Solusi Problematika Politik Identitas

Jakarta, Character-Building – Politik identias di Indonesia mengalami gejala fluktuatif. Hal di kemukakan oleh oleh Prof. Prof. Firman Noor, MA, PhD pada seminar dalam rangka perayaan Hut Lahir Pancasila 1 Juni dengan tema, “Demokrasi Elektoral berbasis Pancasila versus Identitas” yang selenggarakan oleh Unit Character Building Development Center (CBDC), Universitas Bina Nusantara (22/6/23) Jakarta.

Mengutip dari berbagai penelitian, Prof Firman menunjukkan fluktuasi politik Identitas di Indonesia;

  • Hasil Kajian Pusat Penelitian Politik LIPI (2019) 2019): Survei publik : 54,2 % responden tidak sepakat jika isu agama digunakan dalam politik .
  • Survei Lembaga Kajian Strategis dan Pembangunan (2023): 1,5% responden yang menjadikan alasan religiusitas untuk memilih partai
  • Hasil Kajian CSIS mengenai Proyeksi Politik Identitas dalam Pemilu 2019 menunjukkan ketidakefektifan pemanfatan politik identitas (Fernandes, 2018).
  • Sebelum 2017 bahkan politik Identitas mengalami penurunan Mietzner & Muhtadi , 2018).

Meski eksistensi politik identitas cenderung belum mendapatkan tempat yang kondusif dalam proses elektoral di Indonesia, Prof. Firman menegaskan bahwa potensi  politik identitas tetap harus diperhatikan. Dalam konteks ini, Peneliti Utama, Pusat Riset Politik BRIN itu mengajukan beberapa solusi berikut untuk menahan bertumbuh dan berkembangannya politik identitas di Indonesia.

Pertama. Pembenahan lingkungan politik yaitu;

  • Menghilangkanalasan-alasan (legitimasi) kebangkitan politik identitas
  • Menghamba tagency atau penggiat/provokator politik identitas, baik yang bersifat langsung (latent) ataupun tidak langsung (manifest).
  • Pembangunan dan pelestarian negara bangsa (nation-state) dalam semangat pengakuan, bukan penindasan, atas kemajemukan masyarakat.
  • Penciptaan aturan-aturan main yang makin melindungi setiap WNI dari sikap diskriminasi baik atas nama etnis maupun agama.

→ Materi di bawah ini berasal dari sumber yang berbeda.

lemma delta_shift_diff_op:
  assumes C: "\<And>k. k \<le> m \<Longrightarrow> C k field_differentiable at lam" and u: "u analytic_on {lam}"
  shows "delta_shift lam \<gamma> (\<lambda>z. \<Sum>k\<le>m. (deriv ^^ k) u z * C k z)
           = (\<Sum>j\<le>Suc m. (deriv ^^ j) u lam * delta_shift_coeff lam \<gamma> C m j)"
proof -
  have "((\<lambda>z. \<Sum>k\<le>m. (deriv ^^ k) u z * C k z) has_field_derivative
          (\<Sum>k\<le>m. (deriv ^^ Suc k) u lam * C k lam + deriv (C k) lam * (deriv ^^ k) u lam)) (at lam)"
    using C by (intro DERIV_sum DERIV_mult has_field_derivative_higher_deriv[OF u])
      (auto simp: DERIV_deriv_iff_field_differentiable)
  then have "delta_shift lam \<gamma> (\<lambda>z. \<Sum>k\<le>m. (deriv ^^ k) u z * C k z)
      = (\<Sum>k\<le>m. (deriv ^^ Suc k) u lam * C k lam)
        + (\<Sum>k\<le>m. (deriv ^^ k) u lam * (deriv (C k) lam + \<gamma> * C k lam))"
    unfolding delta_shift_def
    by (simp add: DERIV_imp_deriv sum.distrib sum_distrib_left algebra_simps)
  also have "(\<Sum>k\<le>m. (deriv ^^ Suc k) u lam * C k lam)
      = (\<Sum>j\<le>Suc m. (deriv ^^ j) u lam * (if 0 < j then C (j - 1) lam else 0))"
    by (simp only: sum.atMost_Suc_shift) simp
  also have "(\<Sum>k\<le>m. (deriv ^^ k) u lam * (deriv (C k) lam + \<gamma> * C k lam))
      = (\<Sum>j\<le>Suc m. (deriv ^^ j) u lam * (if j \<le> m then deriv (C j) lam + \<gamma> * C j lam else 0))"
    by (simp add: sum.atMost_Suc)
  finally show ?thesis
    by (simp add: delta_shift_coeff_def distrib_left sum.distrib)
qed

lemma sum_higher_deriv_power_at_center:
  "(\<Sum>j<Suc n. (deriv ^^ j) (\<lambda>w. (w - z) ^ n) z * a j) = fact n * (a n :: complex)"
  by (simp add: higher_deriv_power pochhammer_fact zero_power)

lemma delta_shift_Qop:
  assumes "\<forall>g \<in> set gs. g analytic_on {lam}" and "u analytic_on {lam}"
  shows "delta_shift lam \<gamma> (Qop gs u)
           = (\<Sum>j\<le>Suc (length gs). (deriv ^^ j) u lam * delta_shift_coeff lam \<gamma> (Qcoeff gs) (length gs) j)"
proof -
  have Qop_u: "Qop gs u = (\<lambda>z. \<Sum>k\<le>length gs. (deriv ^^ k) u z * Qcoeff gs k z)"
    by (rule ext) (rule Qop_eq_sum)
  show ?thesis
    unfolding Qop_u by (rule delta_shift_diff_op)
       (use assms in \<open>auto intro: analytic_on_imp_differentiable_at analytic_on_Qcoeff\<close>)
qed

lemma delta_shift_coeff_Qcoeff_Suc_length:
  "delta_shift_coeff lam \<gamma> (Qcoeff gs) (length gs) (Suc (length gs)) = Wr gs lam"
  by (simp add: delta_shift_coeff_def Qcoeff_length)

lemma delta_shift_coeff_Qcoeff_length:
  assumes "\<forall>g \<in> set gs. g analytic_on {lam}" and "gs \<noteq> []"
  shows "delta_shift_coeff lam \<gamma> (Qcoeff gs) (length gs) (length gs) = \<gamma> * Wr gs lam"
  using Qcoeff_pred_length[OF assms] \<open>gs \<noteq> []\<close> by (simp add: delta_shift_coeff_def Qcoeff_length)

lemma delta_shift_coeff_Qcoeff_pred_length:
  assumes "\<forall>g \<in> set gs. g analytic_on {lam}" and "gs \<noteq> []"
  shows "delta_shift_coeff lam \<gamma> (Qcoeff gs) (length gs) (length gs - 1)
           = Qv gs lam - (deriv ^^ 2) (Wr gs) lam - \<gamma> * deriv (Wr gs) lam"
  using Qcoeff_pred_length[OF assms] deriv_Qcoeff_pred_length[OF assms] \<open>gs \<noteq> []\<close>
  by (auto simp: delta_shift_coeff_def Qv_def numeral_2_eq_2)

lemma delta_shift_Qop_if_Wr_eq_0:
  assumes "\<forall>g \<in> set gs. g analytic_on {lam}" and "gs \<noteq> []" and "Wr gs lam = 0"
    and "u analytic_on {lam}"
  shows "delta_shift lam \<gamma> (Qop gs u)
           = (\<Sum>j<length gs. (deriv ^^ j) u lam * delta_shift_coeff lam \<gamma> (Qcoeff gs) (length gs) j)"
  using assms by (simp add: delta_shift_Qop atMost_Suc lessThan_Suc_atMost[symmetric]
      delta_shift_coeff_Qcoeff_Suc_length delta_shift_coeff_Qcoeff_length)

lemma delta_shift_coeff_Qcoeff_eq_0:
  assumes analytic: "\<forall>g \<in> set gs. g analytic_on {lam}" and "gs \<noteq> []"
    and "Wr gs lam = 0" and "deriv (Wr gs) lam \<noteq> 0"
    and top: "delta_shift_coeff lam \<gamma> (Qcoeff gs) (length gs) (length gs - 1) = 0"
    and "j < length gs"
  shows "delta_shift_coeff lam \<gamma> (Qcoeff gs) (length gs) j = 0"
proof -
  define m where "m = length gs"
  let ?a = "delta_shift_coeff lam \<gamma> (Qcoeff gs) m"
  let ?M = "\<lambda>j i. (deriv ^^ (if j = m - 1 then m else j)) (gs ! i) lam"
  show ?thesis
    unfolding m_def[symmetric]
  proof (rule det_neq_0_imp_rows_independent[where M = ?M])
    show "det (mat m m (\<lambda>(j,i). ?M j i)) \<noteq> 0"
      using assms deriv_Wr[OF analytic \<open>gs \<noteq> []\<close>] unfolding m_def by simp
  next
    fix i assume "i < m"
    then have gi: "gs ! i \<in> set gs" by (simp add: m_def)
    have "(\<Sum>j<m. ?a j * ?M j i) = (\<Sum>j<m. (deriv ^^ j) (gs ! i) lam * ?a j)"
      using top by (intro sum.cong) (auto simp: m_def)
    also have "\<dots> = delta_shift lam \<gamma> (Qop gs (gs ! i))"
      using assms gi by (simp add: delta_shift_Qop_if_Wr_eq_0 m_def)
    also have "\<dots> = 0"
      by (simp add: Qop_eq_0_if_mem[OF gi] delta_shift_def)
    finally show "(\<Sum>j<m. ?a j * ?M j i) = 0" .
  qed (use \<open>j < length gs\<close> in \<open>simp add: m_def\<close>)
qed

Kedua. Kepemimpinan Politik. Kepempemimpinan politik harus inklusif/merangkul, partisipatif/dialogis, mengingatkan demokrasi substansial, menjauhi politik identias (sempit) dan penegakan hukum.

Ketiga. Edukasi Politik yaitu mindset multikulturalisme, civic identity (National solidarity), dan spirit republikanisme.

Keempat. Pembenahan Partai Politik. Politik identitas kerap hadir dalam kontestasi politik. Proporsionalitas politik identitas perlu dijaga agar tidak menimbulkan akses negatif. Pendidikan politik kepada kader dan masyarakat untuk memperkuat toleransi perludi kembangkan, sekaligus menghindari jualan politik dentitas.

Kelima. Kewaspadaan saat kontestasi. Ada beberapa hal yang harus diperhatikan terkait dengan kewaspadaan kontestasi ini.

  • Penegakkan hukum yang adil, tegas, ringkas dan membawa efek jera. Termasuk di dalamnya badan pengawas pemilu dan Gakkumdu yang berintegritas dan profesional.
  • Pelibatan yang luas elemen-elemen masyarakat (termasuk civil society) sebagai active-participatory yang mengawasi terjadinya tendensi politik identitas yang negatif.
  • Dibangun sebuah mekanisme pelaporan yang efektif dan sistematis terkait dengan tendensi politik identitas yang negative termasuk hate speech, hoax, ect, sebagai bagian dari penegakkan hukum pelaksanaan kontestasi elektoral.